St Helens embraces Mental Health Week

HIVE OF ACTIVITY: St Helens District High School students at Thursday's mental health event at Break O'Day Community Stadium. Picture: Supplied

HIVE OF ACTIVITY: St Helens District High School students at Thursday's mental health event at Break O'Day Community Stadium. Picture: Supplied

St Helens got into the spirit of Mental Health Week on Thursday with a community event at Break O'Day Community Stadium.

East Coast health organisations and service providers were on hand to discuss mental health with St Helens District High School students throughout the morning and early afternoon, before community members arrived in the afternoon for a barbecue. 

Students were also kept busy with a promise wall, where they wrote mental health pledges to themselves.

St Helens Neighbourhood House manager Trish O'Duffy said while the day incorporated entertainment including giant games and live music, there was a serious message behind the event. 

“We all have times in our lives that we're anxious or depressed so it’s important to be aware of what strategies you can put in place to prevent that and where you go to get help,” Ms O’Duffy said. 

Wellways (formerly MI Fellowship) senior program worker David Wilkes, one of many health professionals to attend the event, said it was important to encourage people to be proactive about mental health. 

“We're about social participation and encouraging people to participate in their communities and connect with something that's meaningful for them, whether it's study or work or a personal interest,” Mr Wilkes said. 

“Some of the kids said to me today they're getting the message about talking to other people and not keeping things to themselves, which is a critical message to get across to young people.” 

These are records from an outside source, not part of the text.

lemma card_block_pairs_enumeration:
  assumes f: "bij_betw f {0..<n} (SIGMA j:I. {..<h j})" and I: "finite I" and g: "inj_on g I"
  shows "real (card (block_pairs n (\<lambda>k. g (fst (f k))))) = (\<Sum>j\<in>I. real (h j) * (real (h j) - 1) / 2)"
proof -
  define blk where "blk k = g (fst (f k))" for k
  have fk: "fst (f k) \<in> I" "snd (f k) < h (fst (f k))" if "k < n" for k
  proof -
    have "f k \<in> (SIGMA j:I. {..<h j})" using bij_betwE[OF f] that by simp
    thus "fst (f k) \<in> I" "snd (f k) < h (fst (f k))" by auto
  qed
  have block: "card (block_of n blk k) = h (fst (f k))" if k: "k < n" for k
  proof -
    have "block_of n blk k = {k' \<in> {0..<n}. fst (f k') = fst (f k)}"
      unfolding block_of_def blk_def using fk k g by (auto simp: inj_on_eq_iff)
    moreover have "inj_on f {k' \<in> {0..<n}. fst (f k') = fst (f k)}"
      using f by (auto simp: bij_betw_def intro: inj_on_subset)
    ultimately have "card (block_of n blk k) = card (f ` {k' \<in> {0..<n}. fst (f k') = fst (f k)})"
      by (simp add: card_image)
    also have "f ` {k' \<in> {0..<n}. fst (f k') = fst (f k)} = {w \<in> f ` {0..<n}. fst w = fst (f k)}"
      by auto
    also have "\<dots> = {fst (f k)} \<times> {..<h (fst (f k))}"
      using f fk[OF k] unfolding bij_betw_def by auto
    finally show ?thesis by (simp add: card_cartesian_product)
  qed
  have "real (card (block_pairs n blk)) = (\<Sum>k<n. (real (h (fst (f k))) - 1) / 2)"
    unfolding card_block_pairs_sum_block_of by (rule sum.cong) (auto simp: block)
  also have "\<dots> = (\<Sum>w\<in>(SIGMA j:I. {..<h j}). (real (h (fst w)) - 1) / 2)"
    using sum.reindex_bij_betw[OF f] by (simp add: lessThan_atLeast0)
  also have "\<dots> = (\<Sum>j\<in>I. \<Sum>r<h j. (real (h j) - 1) / 2)"
    using I by (subst sum.Sigma) (auto simp: split_def)
  also have "\<dots> = (\<Sum>j\<in>I. real (h j) * (real (h j) - 1) / 2)"
    by simp
  finally show ?thesis unfolding blk_def .
qed

lemma exists_strict_mono_families:
  fixes h L :: "'a \<Rightarrow> nat"
  assumes I: "finite I" and h: "\<And>j. j \<in> I \<Longrightarrow> h j \<le> L j" and M: "M \<le> (\<Sum>j\<in>I. h j * (L j - h j))"
  shows "\<exists>c. (\<forall>j\<in>I. \<forall>r r'. r < r' \<longrightarrow> r' < h j \<longrightarrow> c j r < c j r') \<and> (\<forall>j\<in>I. \<forall>r<h j. c j r < L j) \<and>
             (\<Sum>j\<in>I. \<Sum>r<h j. c j r) = (\<Sum>j\<in>I. \<Sum>r<h j. r) + M"
proof -
  obtain x where x: "\<forall>j\<in>I. x j \<le> h j * (L j - h j)" "(\<Sum>j\<in>I. x j) = M"
    using exists_bounded_summands[OF I M] by blast
  have "\<forall>j\<in>I. \<exists>c. (\<forall>r r'. r < r' \<longrightarrow> r' < h j \<longrightarrow> c r < c r') \<and> (\<forall>r<h j. c r < L j) \<and>
                  (\<Sum>r<h j. c r) = (\<Sum>r<h j. r) + x j"
    using x(1) h by (intro ballI strict_mono_seq_with_sum) auto
  from bchoice[OF this] obtain c where c: "\<forall>j\<in>I. (\<forall>r r'. r < r' \<longrightarrow> r' < h j \<longrightarrow> c j r < c j r') \<and>
      (\<forall>r<h j. c j r < L j) \<and> (\<Sum>r<h j. c j r) = (\<Sum>r<h j. r) + x j" ..
  hence "(\<Sum>j\<in>I. \<Sum>r<h j. c j r) = (\<Sum>j\<in>I. \<Sum>r<h j. r) + M"
    using x(2) by (simp add: sum.distrib)
  thus ?thesis using c by blast
qed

Students also received a visit from Break O'Day Council general manager John Brown, who was only too pleased to help spread the message of mental health awareness.

“Events like this are really important no matter where they are because they're building awareness of mental health and where assistance can be obtained,” Mr Brown said. 

“Events like this are very much acknowledging that there is a need within any community and this is just one method of addressing the situation that does exist within communities.

“It’s great to see a number of local organisations like the school being part of it and the range of community organisations coming together to work on an event like this one, it’s great.”